(* Let $f:\mathbb{R}^d\to\mathbb{R}$ be measurable and bounded below with $\int_{\mathbb{R}^d}|f(x')|\varphi_{x,\tau}(x')\,dx'<\infty$ for all $x\in\mathbb{R}^d$, and let $\tau>0$, $x_0\in\mathbb{R}^d$. Suppose a sequence $x_0,x_1,\dots,x_K$ satisfies, for each $k=0,\dots,K-1$, that $x_{k+1}$ is a minimizer of the map $$x\mapsto D_{\mathrm{KL}}(\varphi_{x,\tau}\,\|\,q_{x_k,\tau}).$$ Then $F^H_\tau(x_k)\le F^H_\tau(x_{k-1})$ for all $1\le k\le K$.
   Context: $\varphi_{x,\tau}$ denotes the Gaussian density on $\mathbb{R}^d$ with mean $x$ and covariance $\tau I$. The heat regularization of $f$ is $F^H_\tau(x) := \int_{\mathbb{R}^d} f(x')\,\varphi_{x,\tau}(x')\,dx'$. For $x\in\mathbb{R}^d$, $\tau>0$, $q_{x,\tau}(x') := Z_{x,\tau}^{-1}\exp\left(-f(x') - \frac{1}{2\tau}|x-x'|^2\right)$, with $Z_{x,\tau}$ the normalizing constant. The Kullback–Leibler divergence is $D_{\mathrm{KL}}(p\|q) := \int_{\mathbb{R}^d}\log\left(\frac{p(x)}{q(x)}\right)p(x)\,dx$. *)

theory Defs
  imports "HOL-Analysis.Analysis"
begin

definition gauss_dens :: "real \<Rightarrow> 'a::euclidean_space \<Rightarrow> 'a \<Rightarrow> real" where
  "gauss_dens \<tau> x x' =
     (2 * pi * \<tau>) powr (- real DIM('a) / 2) * exp (- (norm (x' - x))\<^sup>2 / (2 * \<tau>))"

text \<open>Heat regularization F^H_tau(x) = integral of f against the Gaussian at x.\<close>
definition heat_reg :: "('a::euclidean_space \<Rightarrow> real) \<Rightarrow> real \<Rightarrow> 'a \<Rightarrow> real" where
  "heat_reg f \<tau> x = (\<integral>x'. f x' * gauss_dens \<tau> x x' \<partial>lebesgue)"

definition Zc :: "('a::euclidean_space \<Rightarrow> real) \<Rightarrow> real \<Rightarrow> 'a \<Rightarrow> real" where
  "Zc f \<tau> x = (\<integral>x'. exp (- f x' - (norm (x - x'))\<^sup>2 / (2 * \<tau>)) \<partial>lebesgue)"

definition q_dens :: "('a::euclidean_space \<Rightarrow> real) \<Rightarrow> real \<Rightarrow> 'a \<Rightarrow> 'a \<Rightarrow> real" where
  "q_dens f \<tau> x x' = exp (- f x' - (norm (x - x'))\<^sup>2 / (2 * \<tau>)) / Zc f \<tau> x"

definition KL_div :: "('a::euclidean_space \<Rightarrow> real) \<Rightarrow> ('a \<Rightarrow> real) \<Rightarrow> real" where
  "KL_div p q = (\<integral>x. ln (p x / q x) * p x \<partial>lebesgue)"

end

theory Submission
  imports Defs "HOL-Probability.Distributions"
begin

text \<open>Expanding the logarithm,
  ln (gauss_x / q_y)(x') = c_tau + ln Z_y + |y - x|^2 / (2 tau) + f x' + (y - x) . (x - x') / tau.
  Integrated against the Gaussian centred at x, the linear last term vanishes by the symmetry of the
  Gaussian about x, so KL(gauss_x || q_y) = (c_tau + ln Z_y + |y - x|^2 / (2 tau)) * mass + F_tau(x).
  The minimizer x_k does at least as well as the competitor x_(k-1), and comparing the two expansions
  leaves F_tau(x_k) + |x_k - x_(k-1)|^2 / (2 tau) * mass <= F_tau(x_(k-1)).\<close>

lemma integrable_exp_minus_power2_div:
  fixes s :: real
  assumes "s > 0"
  shows "integrable lborel (\<lambda>t::real. exp (- (t\<^sup>2) / s))"
proof -
  have "sqrt (pi * s) * normal_density 0 (sqrt (s / 2)) t = exp (- (t\<^sup>2) / s)" for t
  proof -
    have sq: "(sqrt (s / 2))\<^sup>2 = s / 2" using assms by simp
    have "sqrt (pi * s) > 0" "sqrt (s / 2) > 0" using assms by simp_all
    then show ?thesis unfolding normal_density_def sq by simp
  qed
  moreover have "integrable lborel (\<lambda>t. sqrt (pi * s) * normal_density 0 (sqrt (s / 2)) t)"
    using assms by (intro integrable_mult_right integrable_normal_density) simp
  ultimately show ?thesis by simp
qed

lemma norm_sum_Basis_power2:
  "(norm (\<Sum>b\<in>Basis. f b *\<^sub>R b :: 'a::euclidean_space))\<^sup>2 = (\<Sum>b\<in>Basis. (f b)\<^sup>2)"
proof -
  define v where "v = (\<Sum>b\<in>Basis. f b *\<^sub>R b :: 'a)"
  have "(norm v)\<^sup>2 = (\<Sum>b\<in>Basis. (v \<bullet> b) * (v \<bullet> b))"
    unfolding power2_norm_eq_inner by (rule euclidean_inner)
  also have "\<dots> = (\<Sum>b\<in>Basis. (f b)\<^sup>2)"
    by (rule sum.cong) (simp_all add: v_def inner_sum_left_Basis power2_eq_square)
  finally show ?thesis by (simp only: v_def)
qed

lemma exp_scaled_power2_bound:
  fixes t \<tau> :: real
  assumes "\<tau> > 0"
  shows "t * exp (- (t\<^sup>2) / (2 * \<tau>)) \<le> exp \<tau> * exp (- (t\<^sup>2) / (4 * \<tau>))"
proof -
  define a where "a = t\<^sup>2 / (4 * \<tau>)"
  have "4 * \<tau> * t \<le> t\<^sup>2 + 4 * \<tau>\<^sup>2"
    using sum_squares_ge_zero[of "t - 2 * \<tau>" 0] by (simp add: power2_eq_square algebra_simps)
  then have "(t - \<tau>) * (4 * \<tau>) \<le> t\<^sup>2"
    by (simp add: power2_eq_square algebra_simps)
  then have "t - \<tau> \<le> a"
    unfolding a_def using assms by (simp add: pos_le_divide_eq)
  then have "t \<le> exp (\<tau> + a)"
    using exp_ge_add_one_self[of "\<tau> + a"] by linarith
  then have "t * exp (- a) \<le> exp (\<tau> + a) * exp (- a)"
    by (rule mult_right_mono) simp
  then have "t * exp (- a) * exp (- a) \<le> exp \<tau> * exp (- a)"
    by (intro mult_right_mono) (simp_all add: exp_add[symmetric])
  moreover have "- (t\<^sup>2) / (2 * \<tau>) = - a + - a" "- (t\<^sup>2) / (4 * \<tau>) = - a"
    unfolding a_def by simp_all
  ultimately show ?thesis
    by (simp only: exp_add mult.assoc)
qed

lemma integrable_exp_minus_norm_power2_div:
  fixes s :: real
  assumes "s > 0"
  shows "integrable lborel (\<lambda>z::'a::euclidean_space. exp (- ((norm z)\<^sup>2) / s))"
proof -
  interpret product_sigma_finite "\<lambda>_::'a. lborel::real measure" by standard
  have "(\<integral>\<^sup>+z. ennreal (exp (- ((norm z)\<^sup>2) / s)) \<partial>(lborel::'a measure)) =
      (\<integral>\<^sup>+g. ennreal (exp (- ((norm (\<Sum>b\<in>Basis. g b *\<^sub>R b :: 'a))\<^sup>2) / s)) \<partial>(\<Pi>\<^sub>M b\<in>Basis. lborel))"
    by (subst lborel_eq) (simp add: nn_integral_distr)
  also have "\<dots> = (\<integral>\<^sup>+g. (\<Prod>b\<in>(Basis::'a set). ennreal (exp (- ((g b)\<^sup>2) / s))) \<partial>(\<Pi>\<^sub>M b\<in>Basis. lborel))"
  proof (rule nn_integral_cong)
    fix g :: "'a \<Rightarrow> real"
    have "- ((norm (\<Sum>b\<in>Basis. g b *\<^sub>R b :: 'a))\<^sup>2) / s = (\<Sum>b\<in>Basis. - ((g b)\<^sup>2) / s)"
      unfolding norm_sum_Basis_power2 by (simp add: sum_divide_distrib sum_negf)
    then show "ennreal (exp (- ((norm (\<Sum>b\<in>Basis. g b *\<^sub>R b :: 'a))\<^sup>2) / s))
        = (\<Prod>b\<in>(Basis::'a set). ennreal (exp (- ((g b)\<^sup>2) / s)))"
      by (simp add: exp_sum prod_ennreal)
  qed
  also have "\<dots> = (\<Prod>b\<in>(Basis::'a set). \<integral>\<^sup>+t. ennreal (exp (- (t\<^sup>2) / s)) \<partial>lborel)"
    by (rule product_nn_integral_prod) auto
  also have "\<dots> < \<infinity>"
    using integrable_exp_minus_power2_div[OF assms]
    by (simp add: integrable_iff_bounded power_less_top_ennreal)
  finally show ?thesis
    by (intro integrableI_bounded) simp_all
qed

•••

## WHAT TO PRODUCE:
Beginning with the line holding "denotes the Gaussian" and ending with the line holding "theory Defs", write out the stretch of material above exactly; add no further lines.

## WRITTEN RESPONSE:
   Context: $\varphi_{x,\tau}$ denotes the Gaussian density on $\mathbb{R}^d$ with mean $x$ and covariance $\tau I$. The heat regularization of $f$ is $F^H_\tau(x) := \int_{\mathbb{R}^d} f(x')\,\varphi_{x,\tau}(x')\,dx'$. For $x\in\mathbb{R}^d$, $\tau>0$, $q_{x,\tau}(x') := Z_{x,\tau}^{-1}\exp\left(-f(x') - \frac{1}{2\tau}|x-x'|^2\right)$, with $Z_{x,\tau}$ the normalizing constant. The Kullback–Leibler divergence is $D_{\mathrm{KL}}(p\|q) := \int_{\mathbb{R}^d}\log\left(\frac{p(x)}{q(x)}\right)p(x)\,dx$. *)

theory Defs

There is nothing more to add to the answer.